As much clichéd as this seems, there is a need in human beings to share their innermost thoughts and feelings.
But how far is sharing feelings and details about marital relationships okay? In this age of social networking, where sharing is emphasized as your sacred duty, and at a time where social networks come as a comfort to lonely people, how far you can talk to others? When you are a lonely wife in a strange place where your husband works and you haven't made friends yet or you don't have the proper social circle, social networks fill in the need for you to share those little things.
For example, you can create a post using your nickname in one of the countless discussion forums available and share little things like "Today is Monday and he overslept.
As much as I tried to wake him, I couldn't.
And then he took it out on me when he woke up and found out that he was going to be very late to office.
" Or if you are a working woman, and you find it hard to make friends because of the work pressure or you want the comfort of sharing your feelings with strangers who will not judge, then social networks are the way.
This kind of sharing, while being truthful also protects your identity and gives you some anonymity.
You feel relieved, light in mind after sharing/venting and your annoyance at having to suffer for no fault of your own, is considerably reduced when other women in the forums share your pain and laugh with you.
Forums like this are a way to share feelings and feel unburdened without having to reveal too many personal details.
And who knows, you might even find a way to make some real friends.
However, you should be wise as well.
There are countless instances of people forgetting themselves and sharing too much - for example, your husband might find himself having a hard time in the office, when you find that you have shared details about your husband's name or company inadvertently and one of the colleagues happened to find that.
Or worse, his boss happened to find your post when searching for your husband's resume in the internet; not a good situation for him to have to explain his "abusive behavior towards his wife'.

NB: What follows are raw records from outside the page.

(* Let $\Omega$ be an infinite set, $w:\Omega\to\mathbb R^{+}$ a function with strictly positive values, and $I$ a fine ideal of $\mathfrak F=\mathfrak F(\mathcal P_{fin}(\Omega),\mathbb R)$. Let $\mathcal R_I=\mathfrak F/I$ and $J_I:\mathfrak F\to\mathcal R_I$, $J_I(\varphi)=\varphi+I$, the canonical projection. For $A\subseteq\Omega$ and $u:A\to\mathbb R$ put $\sum_{\omega\in A}u(\omega):=J_I\big(\lambda\mapsto\sum_{\omega\in A\cap\lambda}u(\omega)\big)$, and define $$P_I(A)=\frac{\sum_{\omega\in A}w(\omega)}{\sum_{\omega\in\Omega}w(\omega)}.$$ Then $\mathcal R_I$ is a superreal field (with $\mathbb R$ embedded via constant functions), and $(\Omega,P_I,J_I)$ is a NAP-space, i.e. it satisfies (NAP0)–(NAP4).
   Context: $\mathcal P_{fin}(\Omega)$ denotes the set of finite subsets of $\Omega$, and $\mathfrak F(\mathcal P_{fin}(\Omega),\mathbb R)$ the real algebra of all functions $\mathcal P_{fin}(\Omega)\to\mathbb R$ with pointwise operations. For $\omega\in\Omega$, $\chi_\lambda(\omega)=1$ if $\omega\in\lambda$ and $0$ otherwise. An ideal $I$ of $\mathfrak F$ is fine if it is maximal and, for every $\omega\in\Omega$, $\lambda\mapsto1-\chi_\lambda(\omega)$ belongs to $I$. A superreal field is an ordered field containing $\mathbb R$ as an ordered subfield. The NAP axioms for a triple $(\Omega,P,J)$ with $P:\mathcal P(\Omega)\to\mathcal R$ ($\mathcal R$ a superreal field) and $J:\mathfrak F\to\mathcal R$ an algebra homomorphism are: (NAP0) $P$ is defined on all of $\mathcal P(\Omega)$ with values in the superreal field $\mathcal R$; (NAP1) $P(A)\ge0$; (NAP2) $P(A)=1$ iff $A=\Omega$; (NAP3) $P(A\cup B)=P(A)+P(B)$ when $A\cap B=\varnothing$; (NAP4) with $P(A\mid B)=P(A\cap B)/P(B)$ for $B\ne\varnothing$, $P(A\mid\lambda)\in\mathbb R$ for all nonempty finite $\lambda$ and all $A$, and $P(A)=J(\varphi_A)$ where $\varphi_A(\lambda)=P(A\mid\lambda)$ for nonempty finite $\lambda$ ($\varphi_A(\varnothing)$ arbitrary). *)

theory Defs
  imports Complex_Main "HOL-Algebra.QuotRing"
begin

definition Pfin :: "'a set \<Rightarrow> 'a set set" where
  "Pfin \<Omega> = {L. finite L \<and> L \<subseteq> \<Omega>}"

text \<open>A function on Pfin(Omega) is represented by a function on all sets that
  vanishes outside Pfin(Omega).\<close>
definition FF :: "'a set \<Rightarrow> ('a set \<Rightarrow> real) ring" where
  "FF \<Omega> = \<lparr> carrier = {f. \<forall>L. L \<notin> Pfin \<Omega> \<longrightarrow> f L = 0},
            mult = (\<lambda>f g L. f L * g L),
            one = (\<lambda>L. if L \<in> Pfin \<Omega> then 1 else 0),
            zero = (\<lambda>L. 0),
            add = (\<lambda>f g L. f L + g L) \<rparr>"

definition onPfin :: "'a set \<Rightarrow> ('a set \<Rightarrow> real) \<Rightarrow> ('a set \<Rightarrow> real)" where
  "onPfin \<Omega> f = (\<lambda>L. if L \<in> Pfin \<Omega> then f L else 0)"

definition constF :: "'a set \<Rightarrow> real \<Rightarrow> ('a set \<Rightarrow> real)" where
  "constF \<Omega> r = onPfin \<Omega> (\<lambda>_. r)"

You ask, what am I trying to advise then - to share or not to share? Next time you find yourself boiling inside, bottling up emotions, I say - "Go ahead, share your feelings with like-minded strangers to vent.

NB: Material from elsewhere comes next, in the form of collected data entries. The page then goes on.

(* $\mathbf{Ex}\equiv^{\mathrm{fin}}_{\mathrm{Learn}}\mathbf{PL}$ and $\mathbf{Ex}<_{\mathrm{Learn}}\mathbf{PL}$: a finite family of structures is $\mathbf{Ex}$-learnable iff it is $\mathbf{PL}$-learnable; every $\mathbf{Ex}$-learnable family is $\mathbf{PL}$-learnable, and some $\mathbf{PL}$-learnable family is not $\mathbf{Ex}$-learnable.
   Context: All structures are countable, have domain $\mathbb{N}$, are in a finite relational signature, and are identified with their atomic diagrams. A family of structures $\mathfrak{K}$ is a countable set of pairwise nonisomorphic such structures; $\mathcal{S}\restriction_s$ is the finite substructure on $\{0,\dots,s\}$; $\mathrm{LD}(\mathfrak{K})$ is the set of structures with domain $\mathbb{N}$ isomorphic to a member of $\mathfrak{K}$. A learner is an arbitrary function from $\{\mathcal{S}\restriction_s:\mathcal{S}\in\mathrm{LD}(\mathfrak{K})\}$ to $\{\ulcorner\mathcal{A}\urcorner:\mathcal{A}\in\mathfrak{K}\}\cup\{?\}$ (distinct formal symbols). $\mathfrak{K}$ is $\mathbf{Ex}$-learnable if some learner $\mathbf{M}$ satisfies: for every $\mathcal{S}\in\mathrm{LD}(\mathfrak{K})$, $\mathbf{M}(\mathcal{S}\restriction_n)$ is eventually constantly $\ulcorner\mathcal{A}\urcorner$ where $\mathcal{A}\in\mathfrak{K}$, $\mathcal{A}\cong\mathcal{S}$. $\mathfrak{K}$ is $\mathbf{PL}$-learnable if some learner $\mathbf{M}$ satisfies: for every $\mathcal{S}\in\mathrm{LD}(\mathfrak{K})$ and $\mathcal{A}\in\mathfrak{K}$, $\{n:\mathbf{M}(\mathcal{S}\restriction_n)=\ulcorner\mathcal{A}\urcorner\}$ is infinite iff $\mathcal{A}\cong\mathcal{S}$. For criteria $X,Y$: $X\leq_{\mathrm{Learn}}Y$ iff every $X$-learnable family is $Y$-learnable; $\leq^{\mathrm{fin}}_{\mathrm{Learn}}$ is the same restricted to finite families; $<$ means $\leq$ but not $\geq$; $\equiv$ means both. *)

theory Defs
  imports Main "HOL-Library.Countable_Set"
begin

text \<open>A finite relational signature is a list of arities: relation symbol i (i < length sig)
has arity sig ! i.  A structure with domain the naturals is identified with its atomic
diagram: for each symbol i the set of tuples (lists of naturals) in the relation.\<close>

type_synonym sig = "nat list"
type_synonym struct = "nat \<Rightarrow> nat list set"

definition wf_struct :: "sig \<Rightarrow> struct \<Rightarrow> bool" where
  "wf_struct \<sigma> S \<longleftrightarrow> (\<forall>i xs. xs \<in> S i \<longrightarrow> i < length \<sigma> \<and> length xs = \<sigma> ! i)"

Or when you find yourself achieving something great like mastering an art that you never thought will learn, go share your joy with like-minded people on the social networks.
Also, it's easier to share true feelings with strangers and you might find more like-minded people on social networks.
However, do realize the perils of sharing personal details.
Share your true feelings, but not your personal details.
So where can you share your true feelings and have light conversations without sharing too many personal details? If you thought Facebook, then drop that idea.
Facebook is a way to connect with people at a most personal level and immediately, the world knows you.
Good for making friends, but not for sharing your feelings! Find out chat forums or pen pal forums or relationship sites that let you share anonymously.
Some of these sites have features that allow you to remain anonymous and use a nickname for the public but also allow you to share your personal details with one person whom you think you can be friends with.
So here are some sites that let you share your feelings, without asking too many details from you.
1) interpals.
net - A site where you can find pen pals.
All you need is an email ID and nickname.
2) coffeerooms.
com - A site that has many forums for women and men on a wide range of topics So go ahead, share wisely and have fun.